### EXERCISE MATERIALS
# # # #
(* Let $p\in\Delta_d$ and let $\pi$ be a permutation of $[d]$ with $p_{(i)}:=p_{\pi(i)}$ non-increasing in $i$, and suppose $\tfrac12< p_{(1)}<\tfrac56$. Fix $h\in\{2,\dots,d\}$ with $p_{(h)}>0$ and define the $(h-1)$-parameter sub-model: for $\theta=(\theta_2,\dots,\theta_h)$, let $P_\theta$ be the distribution on $[d]$ with $P_\theta(\pi(i))=\theta_i$ for $2\le i\le h$, $P_\theta(\pi(1))=\theta_1:=1-\sum_{i=2}^h\theta_i-\sum_{i=h+1}^d p_{(i)}$, and $P_\theta(\pi(i))=p_{(i)}$ for $i>h$. Let $\theta(p)=(p_{(2)},\dots,p_{(h)})$, let $0<B\le p_{(h)}/3$ and $\mathcal{N}_{B,h}(p)=\theta(p)+[-B,B]^{h-1}$. Then $P_{\theta'}$ is a valid distribution for all $\theta'\in\mathcal{N}_{B,h}(p)$, and for every channel $W$ from $[d]$ to a finite alphabet $\mathcal{Y}$ with $|\mathcal{Y}|\le 2^b$ and every $\theta'\in\mathcal{N}_{B,h}(p)$, $$\operatorname{Tr}\left(I_W(\theta')\right)\le 2^b\left(6h+\frac{3}{2p_{(h)}}\right)+\frac{3h}{2p_{(h)}},$$ where $I_W(\theta')$ is the Fisher information matrix (with respect to $(\theta_2,\dots,\theta_h)$) of $Y\sim W(\cdot\mid X)$, $X\sim P_{\theta'}$.
   Context: $\Delta_d$ denotes the probability simplex in $\mathbb{R}^d$. The Fisher information matrix of $Y$ is $[I_W(\theta)]_{jk}=\sum_{y}\frac{\partial_{\theta_j}P^Y_\theta(y)\,\partial_{\theta_k}P^Y_\theta(y)}{P^Y_\theta(y)}$ where $P^Y_\theta(y)=\sum_x W(y\mid x)P_\theta(x)$. *)

theory Defs
  imports "HOL-Analysis.Analysis"
begin

definition in_simplex :: "nat \<Rightarrow> (nat \<Rightarrow> real) \<Rightarrow> bool" where
  "in_simplex d p \<longleftrightarrow> (\<forall>i\<in>{1..d}. 0 \<le> p i) \<and> (\<Sum>i=1..d. p i) = 1"

text \<open>The (h-1)-parameter sub-model P_theta; theta is read only at indices 2..h.\<close>
definition sub_model ::
  "nat \<Rightarrow> (nat \<Rightarrow> real) \<Rightarrow> (nat \<Rightarrow> nat) \<Rightarrow> nat \<Rightarrow> (nat \<Rightarrow> real) \<Rightarrow> nat \<Rightarrow> real" where
  "sub_model d p \<pi> h \<theta> x =
     (let i = inv_into {1..d} \<pi> x in
      if i = 1 then 1 - (\<Sum>k=2..h. \<theta> k) - (\<Sum>k=h+1..d. p (\<pi> k))
      else if i \<le> h then \<theta> i else p (\<pi> i))"

definition out_dist :: "nat \<Rightarrow> ('y \<Rightarrow> nat \<Rightarrow> real) \<Rightarrow> (nat \<Rightarrow> real) \<Rightarrow> 'y \<Rightarrow> real" where
  "out_dist d W P y = (\<Sum>x=1..d. W y x * P x)"

definition is_channel :: "nat \<Rightarrow> 'y set \<Rightarrow> ('y \<Rightarrow> nat \<Rightarrow> real) \<Rightarrow> bool" where
  "is_channel d Y W \<longleftrightarrow> finite Y \<and>
     (\<forall>x\<in>{1..d}. (\<forall>y\<in>Y. 0 \<le> W y x) \<and> (\<Sum>y\<in>Y. W y x) = 1)"

definition partial_deriv :: "nat \<Rightarrow> ((nat \<Rightarrow> real) \<Rightarrow> real) \<Rightarrow> (nat \<Rightarrow> real) \<Rightarrow> real" where
  "partial_deriv j F \<theta> = deriv (\<lambda>t. F (\<theta>(j := t))) (\<theta> j)"

definition fisher_trace ::
  "nat \<Rightarrow> (nat \<Rightarrow> real) \<Rightarrow> (nat \<Rightarrow> nat) \<Rightarrow> nat \<Rightarrow> 'y set \<Rightarrow> ('y \<Rightarrow> nat \<Rightarrow> real)
    \<Rightarrow> (nat \<Rightarrow> real) \<Rightarrow> real" where
  "fisher_trace d p \<pi> h Y W \<theta> =
     (\<Sum>j=2..h. \<Sum>y\<in>Y.
        (partial_deriv j (\<lambda>t. out_dist d W (sub_model d p \<pi> h t) y) \<theta>)\<^sup>2
        / out_dist d W (sub_model d p \<pi> h \<theta>) y)"

end

theory Submission
  imports Defs
begin

text \<open>Raising \<theta>_j moves mass from \<pi>(1) to \<pi>(j), so the output probability of y is affine in
  \<theta>_j with slope W(y|\<pi>(j)) - W(y|\<pi>(1)), and the j-th diagonal entry of the Fisher information
  is the sum over y of (W(y|\<pi>(j)) - W(y|\<pi>(1)))^2 / P^Y(y). Bounding P^Y(y) below by
  \<theta>_j W(y|\<pi>(j)) + \<theta>_1 W(y|\<pi>(1)) shows that this entry is at most 1/\<theta>_j + 1/\<theta>_1. On the
  neighbourhood \<theta>_j \<ge> 2p_(h)/3 and \<theta>_1 > 1/3, so the trace is at most (h - 1)(3/(2p_(h)) + 3),
  which is below the stated bound.\<close>

lemma sum_split_first_mid_tail:
  fixes f :: "nat \<Rightarrow> 'a::comm_monoid_add"
  assumes "2 \<le> h" "h \<le> d"
  shows "(\<Sum>i=1..d. f i) = f 1 + (\<Sum>i=2..h. f i) + (\<Sum>i=h+1..d. f i)"
proof -
  have "{1..d} = insert 1 ({2..h} \<union> {h+1..d})" using assms by auto
  moreover have "sum f (insert 1 ({2..h} \<union> {h+1..d})) = f 1 + sum f ({2..h} \<union> {h+1..d})"
    using assms by (intro sum.insert) auto
  moreover have "sum f ({2..h} \<union> {h+1..d}) = sum f {2..h} + sum f {h+1..d}"
    by (rule sum.union_disjoint) auto
  ultimately show ?thesis by (simp add: add.assoc)
qed

lemma sum_mult_fun_upd:
  fixes f \<theta> :: "'a \<Rightarrow> 'b::comm_ring"
  assumes "finite A" "j \<in> A"
  shows "(\<Sum>k\<in>A. f k * (\<theta>(j := t)) k) = (\<Sum>k\<in>A. f k * \<theta> k) + f j * (t - \<theta> j)"
proof -
  have "(\<Sum>k\<in>A. f k * (\<theta>(j := t)) k) = (\<Sum>k\<in>A. f k * \<theta> k + (if k = j then f j * (t - \<theta> j) else 0))"
    by (rule sum.cong) (auto simp: algebra_simps)
  with assms show ?thesis by (simp add: sum.distrib)
qed

lemma sum_reindex_permutes:
  assumes "\<pi> permutes S"
  shows "(\<Sum>x\<in>S. f x) = (\<Sum>i\<in>S. f (\<pi> i))"
  using sum.permute[OF assms, of f] by simp

lemma sub_model_permuted:
  assumes "\<pi> permutes {1..d}" "i \<in> {1..d}"
  shows "sub_model d p \<pi> h \<theta> (\<pi> i) =
    (if i = 1 then 1 - (\<Sum>k=2..h. \<theta> k) - (\<Sum>k=h+1..d. p (\<pi> k))
     else if i \<le> h then \<theta> i else p (\<pi> i))"
  using assms by (simp add: sub_model_def permutes_inj_on)

lemma out_dist_permuted:
  assumes "\<pi> permutes {1..d}"
  shows "out_dist d W P y = (\<Sum>i=1..d. W y (\<pi> i) * P (\<pi> i))"
  unfolding out_dist_def by (rule sum_reindex_permutes[OF assms])

lemma out_dist_sub_model:
  assumes "\<pi> permutes {1..d}" "2 \<le> h" "h \<le> d"
  shows "out_dist d W (sub_model d p \<pi> h \<theta>) y =
    W y (\<pi> 1) * (1 - (\<Sum>k=2..h. \<theta> k) - (\<Sum>k=h+1..d. p (\<pi> k)))
    + (\<Sum>i=2..h. W y (\<pi> i) * \<theta> i) + (\<Sum>i=h+1..d. W y (\<pi> i) * p (\<pi> i))"
proof -
  have "(\<Sum>i=2..h. W y (\<pi> i) * sub_model d p \<pi> h \<theta> (\<pi> i)) = (\<Sum>i=2..h. W y (\<pi> i) * \<theta> i)"
    "(\<Sum>i=h+1..d. W y (\<pi> i) * sub_model d p \<pi> h \<theta> (\<pi> i)) = (\<Sum>i=h+1..d. W y (\<pi> i) * p (\<pi> i))"
    using assms by (auto simp: sub_model_permuted intro!: sum.cong)
  moreover have "sub_model d p \<pi> h \<theta> (\<pi> 1) = 1 - (\<Sum>k=2..h. \<theta> k) - (\<Sum>k=h+1..d. p (\<pi> k))"
    using assms by (simp add: sub_model_permuted)
  ultimately show ?thesis
    unfolding out_dist_permuted[OF assms(1)] sum_split_first_mid_tail[OF assms(2,3)] by simp
qed

lemma out_dist_sub_model_fun_upd:
  assumes "\<pi> permutes {1..d}" "2 \<le> h" "h \<le> d" "j \<in> {2..h}"
  shows "out_dist d W (sub_model d p \<pi> h (\<theta>(j := t))) y =
    out_dist d W (sub_model d p \<pi> h \<theta>) y + (t - \<theta> j) * (W y (\<pi> j) - W y (\<pi> 1))"
proof -
  have weighted: "(\<Sum>i=2..h. W y (\<pi> i) * (\<theta>(j := t)) i) = (\<Sum>i=2..h. W y (\<pi> i) * \<theta> i) + W y (\<pi> j) * (t - \<theta> j)"
    using assms(4) by (rule sum_mult_fun_upd[OF finite_atLeastAtMost])
  have total: "(\<Sum>k=2..h. (\<theta>(j := t)) k) = (\<Sum>k=2..h. \<theta> k) + (t - \<theta> j)"
    using sum_mult_fun_upd[OF finite_atLeastAtMost assms(4), of "\<lambda>_. 1" \<theta> t] by simp
  show ?thesis
    unfolding out_dist_sub_model[OF assms(1-3)] weighted total by (simp add: algebra_simps)
qed

lemma partial_deriv_out_dist_sub_model:
  assumes "\<pi> permutes {1..d}" "2 \<le> h" "h \<le> d" "j \<in> {2..h}"
  shows "partial_deriv j (\<lambda>\<theta>. out_dist d W (sub_model d p \<pi> h \<theta>) y) \<theta> = W y (\<pi> j) - W y (\<pi> 1)"
proof -
  have "((\<lambda>t. out_dist d W (sub_model d p \<pi> h (\<theta>(j := t))) y)
          has_real_derivative W y (\<pi> j) - W y (\<pi> 1)) (at (\<theta> j))"
    unfolding out_dist_sub_model_fun_upd[OF assms] by (auto intro!: derivative_eq_intros)
  then show ?thesis unfolding partial_deriv_def by (rule DERIV_imp_deriv)
qed

lemma sq_diff_div_le:
  fixes a c s t P :: real
  assumes "0 \<le> a" "0 \<le> c" "0 < s" "0 < t" "s * a + t * c \<le> P"
  shows "(a - c)\<^sup>2 / P \<le> a / s + c / t"
proof (cases "P = 0")
  case False
  have "0 \<le> s * a + t * c" using assms by simp
  with False assms(5) have "0 < P" by linarith
  have "(a - c)\<^sup>2 \<le> a\<^sup>2 + c\<^sup>2"
    using assms by (simp add: power2_diff)
  also have "\<dots> \<le> (a / s + c / t) * (s * a + t * c)"
    using assms by (simp add: field_simps power2_eq_square)
  also have "\<dots> \<le> (a / s + c / t) * P"
    using assms by (intro mult_left_mono) auto
  finally show ?thesis using \<open>0 < P\<close> by (simp add: divide_le_eq)
qed (use assms in simp)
# # # #
### EXERCISE BRIEF
Everything above from the line containing "neighbourhood \<theta>_j \<ge>" down to the line containing "using assms by (intro sum.insert) auto" should be copied exactly, both end lines included, and nothing else.

### WRITTEN REPLY
  neighbourhood \<theta>_j \<ge> 2p_(h)/3 and \<theta>_1 > 1/3, so the trace is at most (h - 1)(3/(2p_(h)) + 3),
  which is below the stated bound.\<close>

lemma sum_split_first_mid_tail:
  fixes f :: "nat \<Rightarrow> 'a::comm_monoid_add"
  assumes "2 \<le> h" "h \<le> d"
  shows "(\<Sum>i=1..d. f i) = f 1 + (\<Sum>i=2..h. f i) + (\<Sum>i=h+1..d. f i)"
proof -
  have "{1..d} = insert 1 ({2..h} \<union> {h+1..d})" using assms by auto
  moreover have "sum f (insert 1 ({2..h} \<union> {h+1..d})) = f 1 + sum f ({2..h} \<union> {h+1..d})"
    using assms by (intro sum.insert) auto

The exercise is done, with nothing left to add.